ASSIGNMENT> What is the number of lines in the entries below that include the word "surd"? Provide the number only.

Extracted records:
lemma companion_conjugacy_imp_shift_conjugacy:
  fixes T :: "real^'n::{finite,linorder} \<Rightarrow> real^'n::{finite,linorder}"
  assumes "U > 0" and "h_a > 0" and "h_b > 0"
    and a_cont: "\<And>j. continuous_on UNIV (a j)" and a_bdd: "\<And>j. bounded (range (a j))"
    and a1_low: "\<And>z. \<bar>a first_idx z\<bar> \<ge> h_a" and b_low: "\<And>z. \<bar>b z\<bar> \<ge> h_b"
    and conj: "\<And>z u. \<bar>u\<bar> < U \<Longrightarrow>
        T (companion (\<lambda>j. a j z) *v z + u *\<^sub>R lastvec (b z)) =
        companion (\<lambda>j. ah j (T z)) *v T z + u *\<^sub>R lastvec (bh (T z))"
  shows "shift_conjugacy T (\<lambda>z. \<Sum>j\<in>UNIV. a j z * z $ j) (\<lambda>z. \<Sum>j\<in>UNIV. ah j (T z) * T z $ j)
           (\<lambda>z. bh (T z) / b z) (U * h_b)"
proof
  show "U * h_b > 0" using assms(1,3) by simp
next
  fix z v assume "\<bar>v\<bar> < U * h_b"
  moreover have "U * h_b \<le> U * \<bar>b z\<bar>" using b_low[of z] \<open>U > 0\<close> by simp
  moreover have b_nz: "b z \<noteq> 0" using b_low[of z] \<open>h_b > 0\<close> by auto
  ultimately have "\<bar>v / b z\<bar> < U" by (simp add: abs_divide divide_less_eq)
  from conj[OF this, of z] b_nz
  show "T (shift z ((\<Sum>j\<in>UNIV. a j z * z $ j) + v)) =
        shift (T z) ((\<Sum>j\<in>UNIV. ah j (T z) * T z $ j) + v * (bh (T z) / b z))"
    by (simp add: companion_mult_add_lastvec)
next
  show "\<exists>z. (\<Sum>j\<in>UNIV. a j z * z $ j) = s \<and> (\<forall>j. j \<noteq> first_idx \<longrightarrow> z $ j = w $ j)" for w s
    using exists_coordinate_solution[where a = a, OF a_cont a_bdd \<open>h_a > 0\<close> a1_low] by blast
qed
(* Let $r\ge2$, $N\ge r-1$, $d\ge1$ be integers. For any almost $r$-injective function $f\colon\Delta_N\to\mathbb{R}^d$, we have $$\delta(f)\ge\sqrt{2}\cdot\sin\big(\alpha^{(r)}(f)/2\big)\cdot\kappa^{(r)}(f).$$
   Context: $\Delta_N$ is the geometric $N$-simplex. $f$ is almost $r$-injective if for any $r$ pairwise disjoint faces $\sigma_1,\dots,\sigma_r$ of $\Delta_N$, $f(\sigma_1)\cap\dots\cap f(\sigma_r)=\emptyset$. $\mathrm{Conf}_r^{\Delta}(\Delta_N)=\{(x_1,\dots,x_r)\in(\Delta_N)^{\times r}: \text{the } x_i \text{ lie in pairwise disjoint faces}\}$ with the subspace topology. $W_r^{\oplus d}=\{(z_1,\dots,z_r)\in(\mathbb{R}^d)^{\oplus r}: \sum z_i=0\}$, $S(W_r^{\oplus d})$ its unit sphere with geodesic metric $d(u,v)=\arccos\langle u,v\rangle$, $\nu(v)=v/\|v\|$. $\mathrm{Conf}_r^{\Delta}(f)(x_1,\dots,x_r)=\big(f(x_i)-\tfrac1r\sum_jf(x_j)\big)_{i=1}^r$, and $\alpha^{(r)}(f)=\delta(\nu\circ\mathrm{Conf}_r^{\Delta}(f))$. $\kappa^{(r)}(f)=\inf_{(x_1,\dots,x_r)\in\mathrm{Conf}_r^{\Delta}(\Delta_N)}\frac1r\sqrt{\sum_{i,j=1}^r\|f(x_i)-f(x_j)\|^2}$. For a topological space $X$ and metric space $Y$, $\delta(h)=\inf\{\delta\ge 0 : \text{for every } x\in X \text{ there is an open neighborhood } U_x \text{ with } \operatorname{diam}(h(U_x))\le\delta\}$; $\delta(f)$ uses the Euclidean metric on $\mathbb{R}^d$. *)

theory Defs
  imports "HOL-Analysis.Analysis"
begin

text \<open>Geometric N-simplex, realised in R^(N+1) as functions nat => real supported on {0..N}
  (the product topology on nat => real restricts to the Euclidean topology here).\<close>
definition Delta :: "nat \<Rightarrow> (nat \<Rightarrow> real) set" where
  "Delta N = {x. (\<forall>i. N < i \<longrightarrow> x i = 0) \<and> (\<forall>i\<le>N. 0 \<le> x i) \<and> (\<Sum>i\<le>N. x i) = 1}"

definition sface :: "nat \<Rightarrow> nat set \<Rightarrow> (nat \<Rightarrow> real) set" where
  "sface N T = {x \<in> Delta N. \<forall>i. i \<notin> T \<longrightarrow> x i = 0}"

definition is_face_index :: "nat \<Rightarrow> nat set \<Rightarrow> bool" where
  "is_face_index N T \<longleftrightarrow> T \<noteq> {} \<and> T \<subseteq> {..N}"

definition almost_r_injective :: "nat \<Rightarrow> nat \<Rightarrow> ((nat \<Rightarrow> real) \<Rightarrow> 'a) \<Rightarrow> bool" where
  "almost_r_injective r N f \<longleftrightarrow>
     (\<forall>\<sigma> :: nat \<Rightarrow> nat set.
        (\<forall>i<r. is_face_index N (\<sigma> i)) \<and> (\<forall>i<r. \<forall>j<r. i \<noteq> j \<longrightarrow> \<sigma> i \<inter> \<sigma> j = {})
        \<longrightarrow> (\<Inter>i\<in>{..<r}. f ` sface N (\<sigma> i)) = {})"

text \<open>Conf_r^Delta(Delta_N): r-tuples (x_0..x_{r-1}) encoded as functions nat => point,
  with the unused coordinates i >= r fixed to 0; subspace of the product topology.\<close>
definition conf_simplex :: "nat \<Rightarrow> nat \<Rightarrow> (nat \<Rightarrow> (nat \<Rightarrow> real)) set" where
  "conf_simplex r N = {x. (\<forall>i. r \<le> i \<longrightarrow> x i = (\<lambda>_. 0)) \<and>
     (\<exists>\<sigma> :: nat \<Rightarrow> nat set. (\<forall>i<r. is_face_index N (\<sigma> i) \<and> x i \<in> sface N (\<sigma> i)) \<and>
        (\<forall>i<r. \<forall>j<r. i \<noteq> j \<longrightarrow> \<sigma> i \<inter> \<sigma> j = {}))}"

definition diamE :: "('b \<Rightarrow> 'b \<Rightarrow> real) \<Rightarrow> 'b set \<Rightarrow> ereal" where
  "diamE dm S = Sup {ereal (dm a b) | a b. a \<in> S \<and> b \<in> S}"

definition delta_gen :: "'c topology \<Rightarrow> ('b \<Rightarrow> 'b \<Rightarrow> real) \<Rightarrow> ('c \<Rightarrow> 'b) \<Rightarrow> ereal" where
  "delta_gen X dm h = Inf {\<delta>. 0 \<le> \<delta> \<and>
     (\<forall>x\<in>topspace X. \<exists>U. openin X U \<and> x \<in> U \<and> diamE dm (h ` U) \<le> \<delta>)}"

definition delta_fun :: "nat \<Rightarrow> ((nat \<Rightarrow> real) \<Rightarrow> 'a::euclidean_space) \<Rightarrow> ereal" where
  "delta_fun N f = delta_gen (top_of_set (Delta N)) dist f"

text \<open>Elements of W_r^{(+)d} as functions nat => R^d (only i < r matter).
  Inner product and norm of the direct sum.\<close>
definition inner_W :: "nat \<Rightarrow> (nat \<Rightarrow> 'a::euclidean_space) \<Rightarrow> (nat \<Rightarrow> 'a) \<Rightarrow> real" where
  "inner_W r u v = (\<Sum>i<r. inner (u i) (v i))"

definition norm_W :: "nat \<Rightarrow> (nat \<Rightarrow> 'a::euclidean_space) \<Rightarrow> real" where
  "norm_W r v = sqrt (inner_W r v v)"

definition geodist :: "nat \<Rightarrow> (nat \<Rightarrow> 'a::euclidean_space) \<Rightarrow> (nat \<Rightarrow> 'a) \<Rightarrow> real" where
  "geodist r u v = arccos (inner_W r u v)"

definition nu_W :: "nat \<Rightarrow> (nat \<Rightarrow> 'a::euclidean_space) \<Rightarrow> (nat \<Rightarrow> 'a)" where
  "nu_W r v = (\<lambda>i. v i /\<^sub>R norm_W r v)"

definition conf_map :: "nat \<Rightarrow> ((nat \<Rightarrow> real) \<Rightarrow> 'a::euclidean_space) \<Rightarrow>
    (nat \<Rightarrow> (nat \<Rightarrow> real)) \<Rightarrow> (nat \<Rightarrow> 'a)" where
  "conf_map r f x = (\<lambda>i. if i < r then f (x i) - (1 / real r) *\<^sub>R (\<Sum>j<r. f (x j)) else 0)"

text \<open>alpha^(r)(f); it is finite (at most pi) when f is almost r-injective.\<close>
definition alpha_r :: "nat \<Rightarrow> nat \<Rightarrow> ((nat \<Rightarrow> real) \<Rightarrow> 'a::euclidean_space) \<Rightarrow> real" where
  "alpha_r r N f = real_of_ereal
     (delta_gen (top_of_set (conf_simplex r N)) (geodist r) (nu_W r \<circ> conf_map r f))"

definition kappa_r :: "nat \<Rightarrow> nat \<Rightarrow> ((nat \<Rightarrow> real) \<Rightarrow> 'a::euclidean_space) \<Rightarrow> real" where
  "kappa_r r N f = Inf ((\<lambda>x. (1 / real r) *
      sqrt (\<Sum>i<r. \<Sum>j<r. (norm (f (x i) - f (x j)))\<^sup>2)) ` conf_simplex r N)"

end

theory Submission
  imports Defs
begin

text \<open>Let every point of \<open>\<Delta>\<^sub>N\<close> have a neighbourhood on which \<open>f\<close> varies by at most \<open>d\<close>.
  Then every configuration \<open>(x\<^sub>i)\<close> has a neighbourhood on which each \<open>f x\<^sub>i\<close> moves by at most
  \<open>d\<close>, so the centred image in \<open>W\<close> moves by at most \<open>\<surd>r d\<close>; by
  \<open>\<Sum>\<^sub>i |a\<^sub>i - mean a|\<^sup>2 = (1/2r) \<Sum>\<^sub>i\<^sub>j |a\<^sub>i - a\<^sub>j|\<^sup>2\<close> its norm is at least \<open>\<surd>(r/2) \<kappa>\<close>.
  Normalising two vectors of norm \<open>\<ge> s\<close> at distance \<open>\<le> e\<close> yields an angle \<open>\<theta>\<close> with
  \<open>cos \<theta> \<ge> 1 - e\<^sup>2/2s\<^sup>2 = 1 - d\<^sup>2/\<kappa>\<^sup>2\<close>, hence \<open>\<alpha> \<le> \<theta>\<close> and
  \<open>\<surd>2 sin (\<alpha>/2) \<kappa> \<le> \<surd>(1 - cos \<theta>) \<kappa> \<le> d\<close>.\<close>

definition locally_diam_le :: "'c topology \<Rightarrow> ('b \<Rightarrow> 'b \<Rightarrow> real) \<Rightarrow> ('c \<Rightarrow> 'b) \<Rightarrow> real \<Rightarrow> bool"
  where "locally_diam_le X dm h c \<longleftrightarrow>
    (\<forall>x\<in>topspace X. \<exists>U. openin X U \<and> x \<in> U \<and> (\<forall>a\<in>U. \<forall>b\<in>U. dm (h a) (h b) \<le> c))"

RESPONSE TO THE EXERCISE> 3